If, like me, you expect to be able to plug-in a firewire device to your PC / laptop and have it work 'out of the box', I fear you will be disappointed. I don't have fireware capability so all I can do is give you some notes. Since you have little experience with Linux, they make not make much sense in which case, giving up may be your best option.

If, could you open a terminal and type in:


lspciScan the output an look for a line that says firewire. E.g.

02:09.0 FireWire (IEEE 1394) [0c00]: Ricoh Co Ltd R5C832 IEEE 1394 Controller [1180:0832] (rev 05)That's the controller. You are going nowhere until Knoppix can see this. If it can and you've got your camcorder plugged in it might in the output of lspci. I don't know else it would appear.

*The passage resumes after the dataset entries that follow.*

(* Let $\mu$ be a probability measure on $\mathbb{R}$ whose support is not included in $(-\infty,0)$, and write $\mu_n=\mu(\{n\})$ for integers $n\ge0$. Assume $(\mu_n)_{n\ge0}$ is completely monotone, so that $\mu_n=\int_0^1t^n\,\nu(dt)$, $n\ge0$, for a unique finite measure $\nu$ on $[0,1]$, and assume the support of $\nu$ contains a decreasing sequence $(c_n)$ with $\sum_n(-\ln c_n)^{-1}=\infty$. Then the restrictions of $\mu$ and $\mu*\mu$ to $[0,\infty)$ determine whether the support of $\mu$ is included in $\mathbb{Z}$. If the support of $\mu$ is included in $\mathbb{Z}$, then $\mu$ is determined by the restrictions of $\mu$ and $\mu*\mu$ to $[0,\infty)$ (any probability measure $\mu_1$ on $\mathbb{R}$ with $\mu_1=\mu$ and $\mu_1*\mu_1=\mu*\mu$ on $[0,\infty)$ equals $\mu$); in particular $\mu\in\mathscr{C}$.
   Context: A sequence $(a_k)_{k\ge0}$ of nonnegative reals is completely monotone if $\Delta^na_k\ge0$ for all $k\ge0$, $n\ge1$, where $\Delta^0a=a$ and $\Delta^na_k=\Delta^{n-1}a_k-\Delta^{n-1}a_{k+1}$. $\mathscr{C}$ is the set of probability measures $\mu$ on $\mathbb{R}$ such that every probability measure $\mu_1$ with $\mu_1^{*n}=\mu^{*n}$ on $[0,\infty)$ for all $n\ge1$ ($*n$ = $n$-fold convolution power) equals $\mu$. *)

theory Defs
  imports "HOL-Probability.Probability"
begin

fun fdiff :: "nat \<Rightarrow> (nat \<Rightarrow> real) \<Rightarrow> nat \<Rightarrow> real" where
  "fdiff 0 a k = a k"
| "fdiff (Suc n) a k = fdiff n a k - fdiff n a (Suc k)"

definition completely_monotone :: "(nat \<Rightarrow> real) \<Rightarrow> bool" where
  "completely_monotone a \<longleftrightarrow> (\<forall>k. a k \<ge> 0) \<and> (\<forall>n\<ge>1. \<forall>k. fdiff n a k \<ge> 0)"

definition msupp :: "real measure \<Rightarrow> real set" where
  "msupp M = {x. \<forall>e>0. emeasure M (ball x e) > 0}"

definition real_prob :: "real measure \<Rightarrow> bool" where
  "real_prob M \<longleftrightarrow> prob_space M \<and> sets M = sets borel"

If the controller isn't there, then you need might need to turn firewire on in the hardware. Look for a (blue) Fn keyboard combination to do this and/or a BIOS setting of some sort.

You might then want to try Windows again :). How well firewire is supported will depend on whether you are running XP, Vista or 7 and which SP and perhaps even which hotfixes you have applied.

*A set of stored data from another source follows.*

(* Assume (A2) and (A3). If $\frac{\log p}{\rho_*n}\to0$, then $$\left\|D\,\mathrm{diag}\!\left(\tfrac1n\tilde X^\top\tilde X\right)-\tilde D\,\mathrm{diag}(\Sigma_0)\right\|_\infty\le O_{\mathbb P}\!\left(\sigma_x^2\sqrt{\frac{\log p}{\rho_*^3n}}\right).$$
   Context: (A2) rows of $X\in\mathbb R^{n\times p}$ i.i.d. zero-mean sub-Gaussian with covariance $\Sigma_0$ and parameter $\sigma_x$. (A3) $R_{ij}\sim$ Bernoulli$(\rho_j)$ independent of $X$, $\rho_*=\min_j\rho_j>0$. $\tilde X_{ij}=R_{ij}X_{ij}/\rho_j$; $D=\mathrm{diag}(1-\rho_1,\dots,1-\rho_p)$; $\tilde D=\mathrm{diag}(1/\rho_1-1,\dots,1/\rho_p-1)$; $\mathrm{diag}(A)$ is the diagonal matrix with the diagonal of $A$; $\|\cdot\|_\infty$ is the entrywise maximum. Asymptotics as $n\to\infty$. *)

theory Defs
  imports "HOL-Probability.Probability"
begin

definition subgaussian_vec :: "'a measure \<Rightarrow> nat \<Rightarrow> ('a \<Rightarrow> nat \<Rightarrow> real) \<Rightarrow> real \<Rightarrow> bool" where
  "subgaussian_vec M p x \<sigma> \<longleftrightarrow>
     (\<forall>v::nat \<Rightarrow> real. (\<Sum>j<p. (v j)\<^sup>2) = 1 \<longrightarrow>
        (\<forall>t::real. integrable M (\<lambda>\<omega>. exp (t * (\<Sum>j<p. v j * x \<omega> j))) \<and>
           (\<integral>\<omega>. exp (t * (\<Sum>j<p. v j * x \<omega> j)) \<partial>M) \<le> exp (\<sigma>\<^sup>2 * t\<^sup>2 / 2)))"

definition mean_zero_cov :: "'a measure \<Rightarrow> nat \<Rightarrow> ('a \<Rightarrow> nat \<Rightarrow> real) \<Rightarrow> (nat \<Rightarrow> nat \<Rightarrow> real) \<Rightarrow> bool" where
  "mean_zero_cov M p x \<Sigma> \<longleftrightarrow>
     (\<forall>j<p. integrable M (\<lambda>\<omega>. x \<omega> j) \<and> (\<integral>\<omega>. x \<omega> j \<partial>M) = 0) \<and>
     (\<forall>j<p. \<forall>k<p. integrable M (\<lambda>\<omega>. x \<omega> j * x \<omega> k) \<and>
        (\<integral>\<omega>. x \<omega> j * x \<omega> k \<partial>M) = \<Sigma> j k)"

definition bigO_P :: "(nat \<Rightarrow> 'a measure) \<Rightarrow> (nat \<Rightarrow> 'a \<Rightarrow> real) \<Rightarrow> (nat \<Rightarrow> real) \<Rightarrow> bool" where
  "bigO_P M Y a \<longleftrightarrow>
     (\<forall>\<epsilon>>0. \<exists>C. \<forall>\<^sub>F n in sequentially.
        measure (M n) {\<omega> \<in> space (M n). \<bar>Y n \<omega>\<bar> > C * a n} \<le> \<epsilon>)"

end

theory Submission
  imports Defs
begin

text \<open>For a fixed column \<open>j\<close> the masked squares \<open>Z\<^sub>i = (R\<^sub>i\<^sub>j X\<^sub>i\<^sub>j / \<rho>\<^sub>j)\<^sup>2\<close> are
  independent across rows, have mean \<open>\<Sigma>\<^sub>j\<^sub>j / \<rho>\<^sub>j\<close>, and, since \<open>R\<^sub>i\<^sub>j \<in> {0, 1}\<close>, their
  moments are \<open>E Z\<^sub>i\<^sup>k = \<rho>\<^sub>j\<^sup>1\<^sup>-\<^sup>2\<^sup>k E X\<^sub>i\<^sub>j\<^sup>2\<^sup>k \<le> 2 \<rho>\<^sub>j k! (2 e \<sigma>\<^sup>2 / \<rho>\<^sub>j\<^sup>2)\<^sup>k\<close> by the
  sub-Gaussian moment bound. The \<open>j\<close>-th deviation equals
  \<open>(1 - \<rho>\<^sub>j) \<bar>n\<^sup>-\<^sup>1 \<Sigma>\<^sub>i Z\<^sub>i - \<Sigma>\<^sub>j\<^sub>j / \<rho>\<^sub>j\<bar>\<close>, so Bernstein's inequality (a Chernoff bound fed
  with these moments) shows that it exceeds \<open>w\<close> with probability at most
  \<open>2 exp (- n w\<^sup>2 \<rho>\<^sub>*\<^sup>3 / (64 e\<^sup>2 \<sigma>\<^sup>4))\<close>. For \<open>w = C \<sigma>\<^sup>2 sqrt (log p / (\<rho>\<^sub>*\<^sup>3 n))\<close> with
  \<open>C = 8 e m\<close>, a union bound over the \<open>p\<close> columns gives failure probability at most \<open>4 / 2\<^sup>m\<close>
  once \<open>log p / (\<rho>\<^sub>* n) \<le> 1 / m\<^sup>2\<close>, which the rate hypothesis guarantees eventually.
  If \<open>\<sigma> = 0\<close> the entries vanish almost surely and so does the deviation.\<close>

definition bernstein_moments :: "'a measure \<Rightarrow> ('a \<Rightarrow> real) \<Rightarrow> real \<Rightarrow> real \<Rightarrow> bool" where
  "bernstein_moments M Z c b \<longleftrightarrow>
     (\<forall>k\<ge>1. integrable M (\<lambda>\<omega>. Z \<omega> ^ k) \<and> (\<integral>\<omega>. Z \<omega> ^ k \<partial>M) \<le> c * fact k * b ^ k)"

lemma power_div_fact_le_exp:
  fixes y :: real
  assumes "0 \<le> y"
  shows "y ^ m / fact m \<le> exp y"
proof -
  have exp: "(\<lambda>n. y ^ n / fact n) sums exp y"
    using exp_converges[of y] by (simp add: divide_inverse_commute scaleR_conv_of_real)
  have "(\<Sum>n\<in>{m}. y ^ n / fact n) \<le> (\<Sum>n. y ^ n / fact n)"
    by (rule sum_le_suminf) (use exp assms in \<open>auto simp: sums_iff\<close>)
  then show ?thesis
    using exp by (simp add: sums_iff)
qed

lemma even_power_le_exp_plus_exp:
  fixes x t :: real
  assumes "0 < t"
  shows "x ^ (2*k) \<le> fact (2*k) / t ^ (2*k) * (exp (t*x) + exp (-(t*x)))"
proof -
  have "t ^ (2*k) * x ^ (2*k) / fact (2*k) = \<bar>t*x\<bar> ^ (2*k) / fact (2*k)"
    by (simp add: power_mult power_mult_distrib)
  also have "\<dots> \<le> exp \<bar>t*x\<bar>"
    by (rule power_div_fact_le_exp) simp
  also have "\<dots> \<le> exp (t*x) + exp (-(t*x))"
    using exp_gt_zero[of "t*x"] exp_gt_zero[of "-(t*x)"] by (cases "0 \<le> t*x") auto
  finally show ?thesis
    using assms by (simp add: field_simps)
qed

With Linux the support depends in which kernel you are using (and thus which version of Knoppix). Linux 2.6.12 (June 2005) saw the introduction of the old firewire stack; Linux 2.6.20 (July 2007) saw the introduction of the new Juju firewire stack; Linux 2.6.30 (June 2009) the new stack is supposedly superior to the old; Linux 2.6.37 (January 2011) saw the withdrawal of the old stack.

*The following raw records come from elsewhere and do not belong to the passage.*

theorem proposition1:
  fixes N :: "'a::euclidean_space \<Rightarrow> real"
    and X :: "'a set"
    and h :: "'a \<Rightarrow> ereal"
    and f :: "nat \<Rightarrow> 'a \<Rightarrow> ereal"
    and agent :: "nat \<Rightarrow> 'i"
    and S :: "'i \<Rightarrow> nat \<Rightarrow> nat set"
    and x g :: "nat \<Rightarrow> 'a"
    and T \<tau> :: nat
    and r G :: real
    and p :: 'a
  assumes norm: "is_norm N"
    and X_closed: "closed X" and X_convex: "convex X"
    and h_lsc: "lsc_ext h" and h_proper: "proper_ext h"
    and X_dom: "X \<subseteq> edom h"
    and h_sc: "strongly_convex_on X N h"
    and h_sel: "has_continuous_subgrad_selection h"
    and h_nonneg: "\<And>v. 0 \<le> h v"
    and f_convex: "\<And>t. t \<in> {1..T} \<Longrightarrow> convex_ext (f t)"
    and f_dom: "\<And>t. t \<in> {1..T} \<Longrightarrow> X \<subseteq> dom_subdiff (f t)"
    and S_sub: "\<And>i t. t \<in> {1..T} \<Longrightarrow> S i t \<subseteq> {1..<t}"
    and S_mono: "\<And>i t t'. t \<in> {1..T} \<Longrightarrow> t' \<in> {1..T} \<Longrightarrow> t \<le> t' \<Longrightarrow> S i t \<subseteq> S i t'"
    and g_sub: "\<And>t. t \<in> {1..T} \<Longrightarrow> g t \<in> subdiff (f t) (x t)"
    and delay: "\<And>t. t \<in> {1..T} \<Longrightarrow> {1..t - \<tau> - 1} \<subseteq> S (agent t) t"
    and g_bound: "\<And>t. t \<in> {1..T} \<Longrightarrow> dual_norm N (g t) \<le> G"
    and r_pos: "0 < r" and G_pos: "0 < G"
    and dda: "\<And>t. t \<in> {1..T} \<Longrightarrow>
       is_argmin_on X
         (\<lambda>y. (\<Sum>s\<in>S (agent t) t. g s \<bullet> y)
              + real_of_ereal (h y) / (r / (G * sqrt (real t * (1 + 2 * real \<tau>))))) (x t)"
    and p_X: "p \<in> X"
    and p_h: "h p \<le> ereal (r\<^sup>2)"
  shows "(\<Sum>t=1..T. real_of_ereal (f t (x t))) - (\<Sum>t=1..T. real_of_ereal (f t p))
           \<le> 2 * r * G * sqrt (real T * (1 + 2 * real \<tau>))"
proof -
  define a where "a t = G * sqrt (real t * (1 + 2 * real \<tau>)) / r" for t
  define H where "H v = real_of_ereal (h v)" for v
  have g_le: "g t \<bullet> v \<le> G * N v" if "t \<in> {1..T}" for t v
    using inner_le_dual_norm[OF norm, of "g t" v] g_bound[OF that] is_norm_nonneg[OF norm, of v]
    by (meson mult_right_mono order_trans)
  have round: "\<exists>z\<in>X. (\<Sum>s\<in>{1..<t}. g s) \<bullet> z + a t * H z
      \<le> (\<Sum>s\<in>{1..<t}. g s) \<bullet> y + a t * H y + g t \<bullet> (y - x t) + (real \<tau> + 1/2) * G\<^sup>2 / a t"
    if t: "t \<in> {1..T}" and y: "y \<in> X" for t y
  proof -
    have "is_argmin_on X (\<lambda>v. (\<Sum>s\<in>S (agent t) t. g s) \<bullet> v + a t * real_of_ereal (h v)) (x t)"
      using dda[OF t] by (simp add: a_def inner_sum_left mult.commute)
    moreover have "0 < a t" using t r_pos G_pos by (simp add: a_def)
    ultimately show ?thesis unfolding H_def
      using delayed_argmin_step[OF norm X_convex h_sc _ _ S_sub[OF t] delay[OF t]] g_le t y G_pos
      by (simp add: less_imp_le)
  qed
  have "mono a" unfolding a_def using r_pos G_pos
    by (intro monoI divide_right_mono mult_left_mono) simp_all
  then have "(\<Sum>t=1..T. g t \<bullet> (x t - p)) \<le> a T * H p + (\<Sum>t=1..T. (real \<tau> + 1/2) * G\<^sup>2 / a t)"
    by (rule be_the_leader_regret_le[OF _ _ _ round p_X]) (simp_all add: a_def H_def h_nonneg real_of_ereal_pos)
  also have "\<dots> \<le> 2 * r * G * sqrt (real T * (1 + 2 * real \<tau>))"
    unfolding a_def H_def using real_of_ereal_positive_mono[OF h_nonneg p_h] r_pos G_pos
    by (intro dda_sqrt_rate_bound) simp_all
  moreover have "(\<Sum>t=1..T. real_of_ereal (f t (x t))) - (\<Sum>t=1..T. real_of_ereal (f t p))
      \<le> (\<Sum>t=1..T. g t \<bullet> (x t - p))"
    unfolding sum_subtractf[symmetric] using g_sub f_dom p_X
    by (intro sum_mono subdiff_real_of_ereal_le) auto
  ultimately show ?thesis by linarith
qed

end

What does this all mean ? For several years now there has been a choice of firewire stack and different versions of different Linux distributions will use one or the other (and many will allow you change it if you know what you are doing). Documentation, such as that you saw for kino, may be out-of-date in that it refers the old stack and doesn't mention the new one.

The good news is you can't load those drivers because they are the old drivers and Knoppix 6.4.4 has the 2.6.37 kernel, which doesn't have the old stack any more.

The bad news is that if you get your video capture working under Knoppix 6.4.4, repartition you disk and install some other Linux you may find yourself back to square one.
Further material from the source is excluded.